-- WORK REQUEST --
Among the records below, find each line bearing the word "define" and copy it.

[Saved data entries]
++++++
lemma contact_triple_if_zero_in_hull_3:
  assumes N: "is_norm N" and w: "w1 \<in> contact_points N" "w2 \<in> contact_points N" "w3 \<in> contact_points N"
    and hull: "0 \<in> convex hull {complex_square w1, complex_square w2, complex_square w3}"
  shows "contact_triple N"
proof -
  \<comment> \<open>replacing contact points by their negatives does not change their images\<close>
  define u2 where "u2 = (if w1 \<bullet> w2 < 0 then - w2 else w2)"
  define u3 where "u3 = (if w1 \<bullet> w3 < 0 then - w3 else w3)"
  have u: "u2 \<in> contact_points N" "u3 \<in> contact_points N"
    using w contact_points_uminus[OF N] by (simp_all add: u2_def u3_def)
  have sq: "complex_square u2 = complex_square w2" "complex_square u3 = complex_square w3"
    by (simp_all add: u2_def u3_def)
  have d: "w1 \<bullet> u2 \<ge> 0" "w1 \<bullet> u3 \<ge> 0" by (simp_all add: u2_def u3_def)
  have unit: "norm w1 = 1" "norm u2 = 1" "norm u3 = 1"
    using w u by (simp_all add: contact_points_def)
  consider "w1 \<bullet> u2 = 0" | "w1 \<bullet> u3 = 0" | "u2 \<bullet> u3 \<le> 0"
    | "w1 \<bullet> u2 > 0" "u2 \<bullet> u3 > 0" "w1 \<bullet> u3 > 0" using d by linarith
  then show ?thesis
  proof cases
    case 1
    then show ?thesis using contact_triple_of_orthogonal w(1) u(1) by blast
  next
    case 2
    then show ?thesis using contact_triple_of_orthogonal w(1) u(2) by blast
  next
    case 3
    then show ?thesis unfolding contact_triple_def using w(1) u d
      by (intro bexI[of _ u2] bexI[of _ w1] bexI[of _ u3]) (auto simp: inner_commute)
  next
    case 4
    then show ?thesis using zero_notin_hull_complex_square_acute[OF unit] hull sq by simp
  qed
qed

lemma nonempty_card_le_3_obtain:
  assumes "finite S" "S \<noteq> {}" "card S \<le> 3"
  obtains a b c where "S = {a, b, c}"
proof -
  have "card S > 0" using assms by (simp add: card_gt_0_iff)
  then have "card S = 1 \<or> card S = 2 \<or> card S = 3" using assms(3) by linarith
  then show ?thesis
  proof (elim disjE)
    assume "card S = 1"
    then obtain x where "S = {x}" using card_1_singleton_iff by (metis One_nat_def)
    then show ?thesis using that[of x x x] by simp
  next
    assume "card S = 2"
    then obtain x y where "S = {x, y}" using card_2_iff by metis
    then show ?thesis using that[of x y y] by simp
  next
    assume "card S = 3"
    then obtain x y z where "S = {x, y, z}" using card_3_iff by metis
    then show ?thesis using that by blast
  qed
qed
++++++
-- OUTPUT OF THE EXERCISE --
  define u2 where "u2 = (if w1 \<bullet> w2 < 0 then - w2 else w2)"
  define u3 where "u3 = (if w1 \<bullet> w3 < 0 then - w3 else w3)"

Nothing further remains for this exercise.